(* Let $\mathbf{IL}\mathsf X$ be a Horn logic and let $T$ be an $\mathbf{IL}\mathsf X$-satisfiable $\mathbf{IL}\mathsf X$-tableau (for some finite set $\Gamma$ of formulas). Then for any tableau rule, the tableau $T'$ obtained from $T$ by an application of that rule is also $\mathbf{IL}\mathsf X$-satisfiable.
   Context: Formulas: built from a countable set $\mathsf{Prop}$ of propositional variables by $\neg$, $\to$, unary $\Box$ and binary $\rhd$. $\mathbf{IL}$ is the modal logic with axioms all instances of propositional tautologies and the schemes $\Box(A\to B)\to(\Box A\to\Box B)$, $\Box(\Box A\to A)\to\Box A$, $\Box(A\to B)\to A\rhd B$, $(A\rhd B)\wedge(B\rhd C)\to A\rhd C$, $(A\rhd C)\wedge(B\rhd C)\to A\vee B\rhd C$, $A\rhd B\to(\Diamond A\to\Diamond B)$, $\Diamond A\rhd A$ ($\Diamond=\neg\Box\neg$), rules modus ponens and necessitation. An $\mathbf{IL}$-frame is $\langle W,R,S\rangle$ with $W\neq\emptyset$, $R$ transitive and Noetherian (no infinite chains $x_0Rx_1Rx_2\cdots$), $S$ ternary, $yS_xz$ meaning $(x,y,z)\in S$, each $S_x$ a reflexive transitive relation on $\{y:xRy\}$, and $xRyRz\Rightarrow yS_xz$. A model adds a valuation $V$; forcing is standard for $\neg,\to$; $x\Vdash\Box A$ iff all $R$-successors force $A$; $x\Vdash A\rhd B$ iff for every $y$ with $xRy$ and $y\Vdash A$ there is $z$ with $yS_xz$, $z\Vdash B$; and for $w\in W$, $y\Vdash\Box_wA$ iff every $z$ with $yS_wz$ forces $A$. $\mathbf{IL}\mathsf X$ is $\mathbf{IL}$ plus axiom schemes $\mathsf X$; it is Horn if there is a set $\mathcal C_{\mathsf X}$ of strict universal Horn sentences $\forall\cdots\forall(\varphi_1\wedge\dots\wedge\varphi_n\to\psi)$ ($n\ge0$, atomic $\varphi_i,\psi$) in the language $\{R,S\}$ such that an $\mathbf{IL}$-frame validates all theorems of $\mathbf{IL}\mathsf X$ iff it satisfies $\mathcal C_{\mathsf X}$; $\mathbf{IL}\mathsf X$-frames/models are those satisfying $\mathcal C_{\mathsf X}$. Labels: $0$; $\sigma Rn$ for a label $\sigma$, $n\in\mathbb N$; $\sigma S_\rho n$ for labels $\sigma,\rho$ with $\rho$ a strict non-empty prefix of $\sigma$. Extended formulas also allow unary operators $\Box_\rho$, $\rho$ a label. Labelled formula: $\sigma::A$. For a set $\Lambda$ of labels, $\mathbf R^\Lambda,\mathbf S^\Lambda$ are the least relations on $\Lambda$ with: (1) $\sigma,\sigma Rn\in\Lambda\Rightarrow\sigma\mathbf R\,\sigma Rn$; (2) $\mathbf R$ transitive; (3) $\sigma,\rho,\sigma S_\rho n\in\Lambda\Rightarrow\sigma\mathbf S_\rho\,\sigma S_\rho n$; (4) $\sigma\mathbf R\tau\Rightarrow\tau\mathbf S_\sigma\tau$; (5) $\rho\mathbf R\sigma\mathbf R\tau\Rightarrow\sigma\mathbf S_\rho\tau$; (6) $\sigma\mathbf S_\rho\tau\mathbf S_\rho\upsilon\Rightarrow\sigma\mathbf S_\rho\upsilon$; (7) $\sigma\mathbf S_\rho\tau\Rightarrow\rho\mathbf R\sigma,\rho\mathbf R\tau$; (8) $\langle\Lambda,\mathbf R^\Lambda,\mathbf S^\Lambda\rangle\models\mathcal C_{\mathsf X}$ (where $\sigma\mathbf S_\rho\tau$ means $(\rho,\sigma,\tau)\in\mathbf S^\Lambda$). Tableau rules w.r.t. $\Lambda$ (antecedent $\Rightarrow$ succedents; "$\mid$" = branching): $\sigma::\neg\neg A\Rightarrow\sigma::A$; $\sigma::A\to B\Rightarrow\sigma::\neg A\mid\sigma::B$; $\sigma::\neg(A\to B)\Rightarrow\sigma::A,\sigma::\neg B$; $\sigma::\Box A\Rightarrow\tau::A$ when $\sigma\mathbf R\tau$; $\sigma::\Box_\rho A\Rightarrow\tau::A$ when $\sigma\mathbf S_\rho\tau$; $\sigma::A\rhd B\Rightarrow\tau::\neg A\mid\tau::\neg\Box_\sigma\neg B$ when $\sigma\mathbf R\tau$; $\sigma::\neg\Box A\Rightarrow\sigma Rn::\neg A,\sigma Rn::\Box A$ with $\sigma Rn\notin\Lambda$; $\sigma::\neg\Box_\rho A\Rightarrow\sigma S_\rho n::\neg A,\sigma S_\rho n::\Box A$ with $\sigma S_\rho n\notin\Lambda$; $\sigma::\neg(A\rhd B)\Rightarrow\sigma Rn::A,\sigma Rn::\Box_\sigma\neg B,\sigma Rn::\Box\neg A$ with $\sigma Rn\notin\Lambda$. $\mathbf{IL}\mathsf X$-tableau for finite $\Gamma$ (downward growing binary tree of labelled formulas), inductively: a single node $0::A$ with $A\in\Gamma$; extending any branch by $0::A$, $A\in\Gamma$; if $\mathcal B$ is a branch and some $\sigma::A$ on $\mathcal B$ is the antecedent of an instance of a rule w.r.t. $\mathrm{lab}(\mathcal B)$ (labels occurring on $\mathcal B$), extending $\mathcal B$ by the succedents (with branching). Satisfiability: a set $\mathcal X$ of labelled formulas is $\mathbf{IL}\mathsf X$-satisfiable if there are an $\mathbf{IL}\mathsf X$-model $M=\langle W,R,S,V\rangle$ and a map $I:\mathrm{lab}(\mathcal X)\to W$ such that (i) $\sigma\mathbf R\tau\Rightarrow I(\sigma)RI(\tau)$; (ii) $\sigma\mathbf S_\rho\tau\Rightarrow I(\sigma)S_{I(\rho)}I(\tau)$ (relations $\mathbf R^{\mathrm{lab}(\mathcal X)},\mathbf S^{\mathrm{lab}(\mathcal X)}$); (iii) $M,I(\sigma)\Vdash A$ for all $\sigma::A\in\mathcal X$, with $\Box_\rho$ interpreted as $\Box_{I(\rho)}$. A tableau is $\mathbf{IL}\mathsf X$-satisfiable if some branch of it is. *)

theory Defs
  imports Main
begin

■ HOW TO COMPLETE THIS TASK ■
A verbatim repeat of all the entries above is the required answer.

■ EXERCISE ANSWER ■
(* Let $\mathbf{IL}\mathsf X$ be a Horn logic and let $T$ be an $\mathbf{IL}\mathsf X$-satisfiable $\mathbf{IL}\mathsf X$-tableau (for some finite set $\Gamma$ of formulas). Then for any tableau rule, the tableau $T'$ obtained from $T$ by an application of that rule is also $\mathbf{IL}\mathsf X$-satisfiable.
   Context: Formulas: built from a countable set $\mathsf{Prop}$ of propositional variables by $\neg$, $\to$, unary $\Box$ and binary $\rhd$. $\mathbf{IL}$ is the modal logic with axioms all instances of propositional tautologies and the schemes $\Box(A\to B)\to(\Box A\to\Box B)$, $\Box(\Box A\to A)\to\Box A$, $\Box(A\to B)\to A\rhd B$, $(A\rhd B)\wedge(B\rhd C)\to A\rhd C$, $(A\rhd C)\wedge(B\rhd C)\to A\vee B\rhd C$, $A\rhd B\to(\Diamond A\to\Diamond B)$, $\Diamond A\rhd A$ ($\Diamond=\neg\Box\neg$), rules modus ponens and necessitation. An $\mathbf{IL}$-frame is $\langle W,R,S\rangle$ with $W\neq\emptyset$, $R$ transitive and Noetherian (no infinite chains $x_0Rx_1Rx_2\cdots$), $S$ ternary, $yS_xz$ meaning $(x,y,z)\in S$, each $S_x$ a reflexive transitive relation on $\{y:xRy\}$, and $xRyRz\Rightarrow yS_xz$. A model adds a valuation $V$; forcing is standard for $\neg,\to$; $x\Vdash\Box A$ iff all $R$-successors force $A$; $x\Vdash A\rhd B$ iff for every $y$ with $xRy$ and $y\Vdash A$ there is $z$ with $yS_xz$, $z\Vdash B$; and for $w\in W$, $y\Vdash\Box_wA$ iff every $z$ with $yS_wz$ forces $A$. $\mathbf{IL}\mathsf X$ is $\mathbf{IL}$ plus axiom schemes $\mathsf X$; it is Horn if there is a set $\mathcal C_{\mathsf X}$ of strict universal Horn sentences $\forall\cdots\forall(\varphi_1\wedge\dots\wedge\varphi_n\to\psi)$ ($n\ge0$, atomic $\varphi_i,\psi$) in the language $\{R,S\}$ such that an $\mathbf{IL}$-frame validates all theorems of $\mathbf{IL}\mathsf X$ iff it satisfies $\mathcal C_{\mathsf X}$; $\mathbf{IL}\mathsf X$-frames/models are those satisfying $\mathcal C_{\mathsf X}$. Labels: $0$; $\sigma Rn$ for a label $\sigma$, $n\in\mathbb N$; $\sigma S_\rho n$ for labels $\sigma,\rho$ with $\rho$ a strict non-empty prefix of $\sigma$. Extended formulas also allow unary operators $\Box_\rho$, $\rho$ a label. Labelled formula: $\sigma::A$. For a set $\Lambda$ of labels, $\mathbf R^\Lambda,\mathbf S^\Lambda$ are the least relations on $\Lambda$ with: (1) $\sigma,\sigma Rn\in\Lambda\Rightarrow\sigma\mathbf R\,\sigma Rn$; (2) $\mathbf R$ transitive; (3) $\sigma,\rho,\sigma S_\rho n\in\Lambda\Rightarrow\sigma\mathbf S_\rho\,\sigma S_\rho n$; (4) $\sigma\mathbf R\tau\Rightarrow\tau\mathbf S_\sigma\tau$; (5) $\rho\mathbf R\sigma\mathbf R\tau\Rightarrow\sigma\mathbf S_\rho\tau$; (6) $\sigma\mathbf S_\rho\tau\mathbf S_\rho\upsilon\Rightarrow\sigma\mathbf S_\rho\upsilon$; (7) $\sigma\mathbf S_\rho\tau\Rightarrow\rho\mathbf R\sigma,\rho\mathbf R\tau$; (8) $\langle\Lambda,\mathbf R^\Lambda,\mathbf S^\Lambda\rangle\models\mathcal C_{\mathsf X}$ (where $\sigma\mathbf S_\rho\tau$ means $(\rho,\sigma,\tau)\in\mathbf S^\Lambda$). Tableau rules w.r.t. $\Lambda$ (antecedent $\Rightarrow$ succedents; "$\mid$" = branching): $\sigma::\neg\neg A\Rightarrow\sigma::A$; $\sigma::A\to B\Rightarrow\sigma::\neg A\mid\sigma::B$; $\sigma::\neg(A\to B)\Rightarrow\sigma::A,\sigma::\neg B$; $\sigma::\Box A\Rightarrow\tau::A$ when $\sigma\mathbf R\tau$; $\sigma::\Box_\rho A\Rightarrow\tau::A$ when $\sigma\mathbf S_\rho\tau$; $\sigma::A\rhd B\Rightarrow\tau::\neg A\mid\tau::\neg\Box_\sigma\neg B$ when $\sigma\mathbf R\tau$; $\sigma::\neg\Box A\Rightarrow\sigma Rn::\neg A,\sigma Rn::\Box A$ with $\sigma Rn\notin\Lambda$; $\sigma::\neg\Box_\rho A\Rightarrow\sigma S_\rho n::\neg A,\sigma S_\rho n::\Box A$ with $\sigma S_\rho n\notin\Lambda$; $\sigma::\neg(A\rhd B)\Rightarrow\sigma Rn::A,\sigma Rn::\Box_\sigma\neg B,\sigma Rn::\Box\neg A$ with $\sigma Rn\notin\Lambda$. $\mathbf{IL}\mathsf X$-tableau for finite $\Gamma$ (downward growing binary tree of labelled formulas), inductively: a single node $0::A$ with $A\in\Gamma$; extending any branch by $0::A$, $A\in\Gamma$; if $\mathcal B$ is a branch and some $\sigma::A$ on $\mathcal B$ is the antecedent of an instance of a rule w.r.t. $\mathrm{lab}(\mathcal B)$ (labels occurring on $\mathcal B$), extending $\mathcal B$ by the succedents (with branching). Satisfiability: a set $\mathcal X$ of labelled formulas is $\mathbf{IL}\mathsf X$-satisfiable if there are an $\mathbf{IL}\mathsf X$-model $M=\langle W,R,S,V\rangle$ and a map $I:\mathrm{lab}(\mathcal X)\to W$ such that (i) $\sigma\mathbf R\tau\Rightarrow I(\sigma)RI(\tau)$; (ii) $\sigma\mathbf S_\rho\tau\Rightarrow I(\sigma)S_{I(\rho)}I(\tau)$ (relations $\mathbf R^{\mathrm{lab}(\mathcal X)},\mathbf S^{\mathrm{lab}(\mathcal X)}$); (iii) $M,I(\sigma)\Vdash A$ for all $\sigma::A\in\mathcal X$, with $\Box_\rho$ interpreted as $\Box_{I(\rho)}$. A tableau is $\mathbf{IL}\mathsf X$-satisfiable if some branch of it is. *)

theory Defs
  imports Main
begin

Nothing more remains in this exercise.